_Exercise description:_
In the listing that follows, how many lines have the word "auto" in them? Give only the number.
Start of Block
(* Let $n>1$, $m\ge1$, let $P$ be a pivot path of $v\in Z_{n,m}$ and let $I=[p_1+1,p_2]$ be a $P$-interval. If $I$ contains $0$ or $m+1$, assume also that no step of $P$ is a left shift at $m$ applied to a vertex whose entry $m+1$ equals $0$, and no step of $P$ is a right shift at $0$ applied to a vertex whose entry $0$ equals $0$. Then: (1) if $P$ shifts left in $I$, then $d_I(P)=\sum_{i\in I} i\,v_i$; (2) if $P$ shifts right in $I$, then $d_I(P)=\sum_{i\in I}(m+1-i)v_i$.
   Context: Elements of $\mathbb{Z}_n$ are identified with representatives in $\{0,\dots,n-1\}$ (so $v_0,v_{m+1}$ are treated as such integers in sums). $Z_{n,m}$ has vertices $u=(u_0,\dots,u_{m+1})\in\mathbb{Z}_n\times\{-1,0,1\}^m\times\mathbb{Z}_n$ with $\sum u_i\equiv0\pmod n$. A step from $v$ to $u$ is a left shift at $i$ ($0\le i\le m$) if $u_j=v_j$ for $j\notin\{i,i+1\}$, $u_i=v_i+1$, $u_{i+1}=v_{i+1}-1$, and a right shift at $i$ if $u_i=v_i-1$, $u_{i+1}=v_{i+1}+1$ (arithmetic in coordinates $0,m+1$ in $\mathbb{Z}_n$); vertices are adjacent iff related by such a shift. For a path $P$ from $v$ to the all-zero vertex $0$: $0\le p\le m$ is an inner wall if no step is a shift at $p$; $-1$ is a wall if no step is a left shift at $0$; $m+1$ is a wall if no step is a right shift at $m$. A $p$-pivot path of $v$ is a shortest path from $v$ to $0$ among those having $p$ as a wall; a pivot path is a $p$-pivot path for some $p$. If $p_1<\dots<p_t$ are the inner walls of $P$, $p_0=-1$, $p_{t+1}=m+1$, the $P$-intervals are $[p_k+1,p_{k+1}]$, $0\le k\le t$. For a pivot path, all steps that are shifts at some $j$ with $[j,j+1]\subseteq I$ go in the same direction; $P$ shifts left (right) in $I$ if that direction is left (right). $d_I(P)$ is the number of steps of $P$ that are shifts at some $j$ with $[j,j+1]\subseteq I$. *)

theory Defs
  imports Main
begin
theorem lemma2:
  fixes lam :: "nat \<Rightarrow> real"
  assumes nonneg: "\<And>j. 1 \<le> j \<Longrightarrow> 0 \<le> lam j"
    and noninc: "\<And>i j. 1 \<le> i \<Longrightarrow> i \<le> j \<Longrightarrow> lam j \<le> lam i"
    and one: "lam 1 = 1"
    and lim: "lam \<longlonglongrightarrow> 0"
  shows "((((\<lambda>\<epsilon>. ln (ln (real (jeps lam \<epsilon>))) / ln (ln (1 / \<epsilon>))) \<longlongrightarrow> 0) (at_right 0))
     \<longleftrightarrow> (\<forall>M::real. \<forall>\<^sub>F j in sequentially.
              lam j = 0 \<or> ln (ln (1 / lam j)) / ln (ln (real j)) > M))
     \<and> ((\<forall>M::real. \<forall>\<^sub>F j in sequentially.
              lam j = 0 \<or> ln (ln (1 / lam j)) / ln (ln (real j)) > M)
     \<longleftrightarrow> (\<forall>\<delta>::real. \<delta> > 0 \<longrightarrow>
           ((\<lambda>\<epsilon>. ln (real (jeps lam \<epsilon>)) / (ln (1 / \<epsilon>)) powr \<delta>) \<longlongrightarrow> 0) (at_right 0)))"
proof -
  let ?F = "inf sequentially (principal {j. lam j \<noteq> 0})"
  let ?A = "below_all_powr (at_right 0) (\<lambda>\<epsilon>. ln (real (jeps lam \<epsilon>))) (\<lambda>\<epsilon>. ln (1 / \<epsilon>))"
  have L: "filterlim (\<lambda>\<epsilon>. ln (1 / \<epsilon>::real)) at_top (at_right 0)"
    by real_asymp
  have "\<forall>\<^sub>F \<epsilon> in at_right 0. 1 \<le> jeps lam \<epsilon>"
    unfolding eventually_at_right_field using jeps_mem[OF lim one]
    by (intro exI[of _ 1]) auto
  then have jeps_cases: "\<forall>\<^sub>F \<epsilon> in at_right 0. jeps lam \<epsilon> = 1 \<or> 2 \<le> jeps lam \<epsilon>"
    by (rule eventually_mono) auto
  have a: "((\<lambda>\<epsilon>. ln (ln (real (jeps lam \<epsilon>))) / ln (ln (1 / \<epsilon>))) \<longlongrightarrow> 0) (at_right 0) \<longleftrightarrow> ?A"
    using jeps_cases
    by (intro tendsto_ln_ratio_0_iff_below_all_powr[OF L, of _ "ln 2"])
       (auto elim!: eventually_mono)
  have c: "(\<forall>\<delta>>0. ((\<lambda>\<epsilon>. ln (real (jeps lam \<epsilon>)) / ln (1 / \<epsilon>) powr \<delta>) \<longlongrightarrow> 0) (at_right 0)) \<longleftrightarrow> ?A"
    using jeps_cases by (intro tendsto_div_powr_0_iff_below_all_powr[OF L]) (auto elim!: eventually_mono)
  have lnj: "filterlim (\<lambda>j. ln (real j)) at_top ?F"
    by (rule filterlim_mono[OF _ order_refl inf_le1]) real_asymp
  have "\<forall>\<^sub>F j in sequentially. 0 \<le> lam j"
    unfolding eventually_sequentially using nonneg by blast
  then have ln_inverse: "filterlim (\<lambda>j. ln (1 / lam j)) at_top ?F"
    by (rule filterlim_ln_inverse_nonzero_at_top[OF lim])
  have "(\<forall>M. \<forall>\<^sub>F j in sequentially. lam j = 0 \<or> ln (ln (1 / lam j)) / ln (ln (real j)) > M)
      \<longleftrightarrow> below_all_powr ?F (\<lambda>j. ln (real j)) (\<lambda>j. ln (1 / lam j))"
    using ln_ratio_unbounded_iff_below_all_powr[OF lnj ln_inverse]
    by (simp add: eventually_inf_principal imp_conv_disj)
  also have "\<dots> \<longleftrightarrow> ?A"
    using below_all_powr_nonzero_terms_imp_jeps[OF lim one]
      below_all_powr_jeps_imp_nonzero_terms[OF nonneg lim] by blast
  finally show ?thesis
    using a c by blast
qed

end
End of Block
_Task output:_
4